Exercise directions: "I k \<subseteq>" appears in one line; retype that line and all lines following it through the end of the records, with nothing left out or added.

Data in this exercise:
lemma sublist_run_separator_cases:
  assumes w: "sublist w (replicate L c @ s # X @ R)" "w \<noteq> []"
    and s: "s \<notin> set w" and R: "set w \<inter> set R = {}"
  shows "(w = replicate (length w) c \<and> length w \<le> L) \<or> sublist w X"
  using sublist_append_Cons_notinD[OF w(1) s]
proof
  assume run: "sublist w (replicate L c)"
  then have "set w \<subseteq> {c}" using set_mono_sublist by fastforce
  then have "w = replicate (length w) c" by (simp add: replicate_length_same subset_iff)
  then show ?thesis using sublist_length_le[OF run] by simp
next
  assume "sublist w (X @ R)"
  then show ?thesis using sublist_append_disjointD R w(2) by blast
qed

lemma is_LCSubstr_run_separator:
  assumes a: "a = replicate L c @ s # X @ RA" and b: "b = replicate L c @ s' # X @ RB"
    and s: "s \<notin> set b" and RA: "set RA \<inter> set b = {}"
    and lcs: "is_LCSubstr a b w"
  shows is_LCSubstr_run: "length X < L \<Longrightarrow> w = replicate L c"
    and is_LCSubstr_middle: "L < length X \<Longrightarrow> w = X"
proof -
  have "sublist (replicate L c) a" "sublist (replicate L c) b" "sublist X a" "sublist X b"
    using a b by (auto intro: sublist_appendI[of X "_ @ [_]", simplified])
  then have long: "L \<le> length w" "length X \<le> length w"
    using lcs by (auto simp: is_LCSubstr_def)
  have "set w \<subseteq> set b" using lcs set_mono_sublist by (auto simp: is_LCSubstr_def)
  then have cases: "(w = replicate (length w) c \<and> length w \<le> L) \<or> sublist w X" if "w \<noteq> []"
    using sublist_run_separator_cases[of w L c s X RA] lcs a s RA that
    by (auto simp: is_LCSubstr_def)
  show "w = replicate L c" if "length X < L"
  proof -
    have "\<not> sublist w X" using sublist_length_le long that by fastforce
    then show ?thesis using cases long that by fastforce
  qed
  show "w = X" if "L < length X"
  proof -
    have "sublist w X" using cases long that by fastforce
    then show ?thesis using long by (auto simp: sublist_def)
  qed
qed

section \<open>Hard instances\<close>

text \<open>Run \<open>i\<close> of the instance for \<open>z\<close> (\<open>d = 0\<close> for the first string, \<open>d = 1\<close> for the second): run 0
  consists of \<open>L\<close> letters \<open>2\<close>, run 1 is the separator \<open>3\<close> resp. \<open>5\<close>, runs \<open>2\<close> to \<open>p + 1\<close> alternate
  between the letters \<open>0\<close> and \<open>1\<close> and have length 3 exactly for \<open>i \<in> z\<close>, and the remaining runs
  are single padding letters, even in the first string and odd in the second.\<close>

definition hard_char :: "nat \<Rightarrow> nat \<Rightarrow> nat \<Rightarrow> nat" where
  "hard_char d p i =
     (if i = 0 then 2 else if i = 1 then 3 + 2 * d else if i < p + 2 then i mod 2 else 2 * i + 4 + d)"

definition hard_run :: "nat \<Rightarrow> nat set \<Rightarrow> nat \<Rightarrow> nat" where
  "hard_run L z i = (if i = 0 then L else if i \<in> z then 3 else 1)"

definition hard_rle :: "nat \<Rightarrow> nat \<Rightarrow> nat \<Rightarrow> nat set \<Rightarrow> nat \<Rightarrow> rle" where
  "hard_rle d p L z n = map (\<lambda>i. (hard_char d p i, hard_run L z i)) [0..<n]"

definition hard_middle :: "nat \<Rightarrow> nat set \<Rightarrow> nat list" where
  "hard_middle p z = concat (map (\<lambda>i. replicate (if i \<in> z then 3 else 1) (i mod 2)) [2..<p + 2])"

lemma upt_split: "i \<le> j \<Longrightarrow> j \<le> k \<Longrightarrow> [i..<k] = [i..<j] @ [j..<k]"
  using upt_add_eq_append[of i j "k - j"] by simp

lemma decode_hard_rle:
  assumes "p + 2 \<le> n" "z \<subseteq> {2..<p + 2}"
  shows "decode (hard_rle d p L z n) =
    replicate L 2 @ (3 + 2 * d) # hard_middle p z @ map (\<lambda>i. 2 * i + 4 + d) [p + 2..<n]"
proof -
  let ?f = "\<lambda>i. replicate (hard_run L z i) (hard_char d p i)"
  have "[0..<n] = [0, 1] @ [2..<p + 2] @ [p + 2..<n]"
    using assms(1) upt_split[of 0 2 n] upt_split[of 2 "p + 2" n] by (simp add: upt_rec)
  then have pieces: "decode (hard_rle d p L z n)
      = ?f 0 @ ?f 1 @ concat (map ?f [2..<p + 2]) @ concat (map ?f [p + 2..<n])"
    by (simp add: decode_def hard_rle_def comp_def)
  have middle: "map ?f [2..<p + 2] = map (\<lambda>i. replicate (if i \<in> z then 3 else 1) (i mod 2)) [2..<p + 2]"
    by (simp add: hard_run_def hard_char_def)
  have tail: "map ?f [p + 2..<n] = map (\<lambda>i. [2 * i + 4 + d]) [p + 2..<n]"
    using assms(2) by (auto simp: hard_run_def hard_char_def)
  have ends: "?f 0 = replicate L 2" "?f 1 = [3 + 2 * d]"
    using assms(2) by (auto simp: hard_run_def hard_char_def)
  show ?thesis
    unfolding pieces middle tail ends hard_middle_def by (simp del: upt_Suc)
qed

lemma length_hard_middle:
  assumes "z \<subseteq> {2..<p + 2}"
  shows "length (hard_middle p z) = p + 2 * card z"
proof -
  define I where "I = {2..<p + 2}"
  have I: "finite I" "card I = p" "z \<subseteq> I" using assms by (simp_all add: I_def)
  have "length (hard_middle p z) = sum_list (map (\<lambda>i. if i \<in> z then 3 else 1) [2..<p + 2])"
    by (simp add: hard_middle_def length_concat comp_def)
  also have "\<dots> = (\<Sum>i\<in>I. if i \<in> z then 3 else 1)"
    unfolding I_def by (simp only: sum_list_distinct_conv_sum_set distinct_upt set_upt)
  also have "\<dots> = (\<Sum>i\<in>I. 1 + (if i \<in> z then 2 else 0))"
    by (rule sum.cong) auto
  also have "\<dots> = card I + (\<Sum>i\<in>I \<inter> z. 2)"
    using sum.inter_restrict[OF I(1), of "\<lambda>_. 2::nat" z] by (simp only: sum.distrib card_eq_sum)
  also have "\<dots> = p + 2 * card z"
    using I by (simp add: Int_absorb1)
  finally show ?thesis .
qed

lemma set_hard_middle: "set (hard_middle p z) \<subseteq> {0, 1}"
  by (auto simp: hard_middle_def)

lemma enc_length_hard_middle:
  assumes "2 \<le> p"
  shows "enc_length (hard_middle p z) \<noteq> 1"
proof
  assume "enc_length (hard_middle p z) = 1"
  then obtain c where "remdups_adj (hard_middle p z) = [c]"
    unfolding enc_length_def by (metis length_0_conv length_Suc_conv One_nat_def)
  then have "set (hard_middle p z) = {c}" by (metis remdups_adj_set list.set(1) list.set(2))
  moreover have "0 \<in> set (hard_middle p z)" "1 \<in> set (hard_middle p z)"
    using assms unfolding hard_middle_def set_concat set_map set_upt image_image
    by (auto intro: bexI[of _ "2::nat"] bexI[of _ "3::nat"])
  ultimately show False by simp
qed

lemma valid_hard_rle:
  assumes "d \<le> 1" "0 < L" "L < 2 ^ W" "2 * n + 6 \<le> 2 ^ W"
  shows "valid_rle W (hard_rle d p L z n)"
  unfolding valid_rle_def
proof (intro conjI allI impI ballI)
  fix x assume "x \<in> set (hard_rle d p L z n)"
  then obtain i where i: "i < n" "x = (hard_char d p i, hard_run L z i)" by (auto simp: hard_rle_def)
  then have "hard_char d p i < 2 ^ W" using assms by (auto simp: hard_char_def)
  moreover have "0 < hard_run L z i \<and> hard_run L z i < 2 ^ W" using assms by (auto simp: hard_run_def)
  ultimately show "case x of (c, r) \<Rightarrow> c < 2 ^ W \<and> 0 < r \<and> r < 2 ^ W" using i by simp
next
  fix i assume "Suc i < length (hard_rle d p L z n)"
  moreover have "i mod 2 \<noteq> Suc i mod 2" by presburger
  ultimately show "fst (hard_rle d p L z n ! i) \<noteq> fst (hard_rle d p L z n ! Suc i)"
    using assms(1) by (auto simp: hard_rle_def hard_char_def)
qed

lemma hard_rle_nth_insert:
  "m < n \<Longrightarrow> m \<noteq> i \<Longrightarrow> hard_rle d p L (insert i z) n ! m = hard_rle d p L z n ! m"
  by (simp add: hard_rle_def hard_run_def)

lemma el_lcs_answers_hard_rle:
  assumes "p + 2 \<le> n" "z \<subseteq> {2..<p + 2}"
  shows el_lcs_answers_hard_rle_short: "length (hard_middle p z) < L \<Longrightarrow>
      el_lcs_answers (hard_rle 0 p L z n) (hard_rle 1 p L z n) \<subseteq> {1}"
    and el_lcs_answers_hard_rle_long: "L < length (hard_middle p z) \<Longrightarrow>
      el_lcs_answers (hard_rle 0 p L z n) (hard_rle 1 p L z n) \<subseteq> {enc_length (hard_middle p z)}"
proof -
  let ?a = "decode (hard_rle 0 p L z n)" and ?b = "decode (hard_rle 1 p L z n)"
  let ?RA = "map (\<lambda>i. 2 * i + 4) [p + 2..<n]" and ?RB = "map (\<lambda>i. 2 * i + 5) [p + 2..<n]"
  have a: "?a = replicate L 2 @ 3 # hard_middle p z @ ?RA"
    and b: "?b = replicate L 2 @ 5 # hard_middle p z @ ?RB"
    using decode_hard_rle[OF assms, of 0 L] decode_hard_rle[OF assms, of 1 L] by simp_all
  have "set ?b \<subseteq> {0, 1, 2, 5} \<union> {c. odd c \<and> 9 \<le> c}"
    unfolding b using set_hard_middle[of p z] by auto
  then have sep: "3 \<notin> set ?b" and RA: "set ?RA \<inter> set ?b = {}"
    using assms(1) by auto
  show "el_lcs_answers (hard_rle 0 p L z n) (hard_rle 1 p L z n) \<subseteq> {1}"
    if "length (hard_middle p z) < L"
  proof
    fix e assume "e \<in> el_lcs_answers (hard_rle 0 p L z n) (hard_rle 1 p L z n)"
    then obtain w where "e = enc_length w" "is_LCSubstr ?a ?b w" by (auto simp: el_lcs_answers_def)
    moreover from this have "w = replicate L 2" using is_LCSubstr_run[OF a b sep RA] that by blast
    ultimately show "e \<in> {1}"
      using that by (simp add: enc_length_def remdups_adj_replicate)
  qed
  show "el_lcs_answers (hard_rle 0 p L z n) (hard_rle 1 p L z n) \<subseteq> {enc_length (hard_middle p z)}"
    if "L < length (hard_middle p z)"
    using is_LCSubstr_middle[OF a b sep RA] that by (auto simp: el_lcs_answers_def)
qed

definition extension_pairs :: "'a set \<Rightarrow> nat \<Rightarrow> ('a set \<times> 'a set) set" where
  "extension_pairs I k = {(z, insert i z) | z i. z \<subseteq> I \<and> card z = k \<and> i \<in> I - z}"

definition added_point :: "'a set \<times> 'a set \<Rightarrow> 'a" where
  "added_point p = the_elem (snd p - fst p)"

lemma extension_pairs_added_point:
  assumes "p \<in> extension_pairs I k"
  shows "snd p = insert (added_point p) (fst p)" and "fst p = snd p - {added_point p}"
proof -
  obtain z i where "p = (z, insert i z)" "i \<notin> z" using assms by (auto simp: extension_pairs_def)
  moreover from this have "snd p - fst p = {i}" by auto
  ultimately show "snd p = insert (added_point p) (fst p)" "fst p = snd p - {added_point p}"
    by (simp_all add: added_point_def)
qed

lemma inj_on_added_point_fst: "inj_on added_point {p \<in> extension_pairs I k. fst p = x}"
proof (rule inj_onI)
  fix p q assume "p \<in> {p \<in> extension_pairs I k. fst p = x}" "q \<in> {p \<in> extension_pairs I k. fst p = x}"
    and "added_point p = added_point q"
  then show "p = q" using extension_pairs_added_point(1)[of _ I k] by (simp add: prod_eq_iff)
qed

lemma inj_on_added_point_snd: "inj_on added_point {p \<in> extension_pairs I k. snd p = y}"
proof (rule inj_onI)
  fix p q assume "p \<in> {p \<in> extension_pairs I k. snd p = y}" "q \<in> {p \<in> extension_pairs I k. snd p = y}"
    and "added_point p = added_point q"
  then show "p = q" using extension_pairs_added_point(2)[of _ I k] by (simp add: prod_eq_iff)
qed

lemma extension_pairs_subset:
  assumes "finite I"
  shows "extension_pairs I k \<subseteq> {z. z \<subseteq> I \<and> card z = k} \<times> {y. y \<subseteq> I \<and> card y = Suc k}"
  using assms by (auto simp: extension_pairs_def finite_subset)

Reply to the exercise:
  shows "extension_pairs I k \<subseteq> {z. z \<subseteq> I \<and> card z = k} \<times> {y. y \<subseteq> I \<and> card y = Suc k}"
  using assms by (auto simp: extension_pairs_def finite_subset)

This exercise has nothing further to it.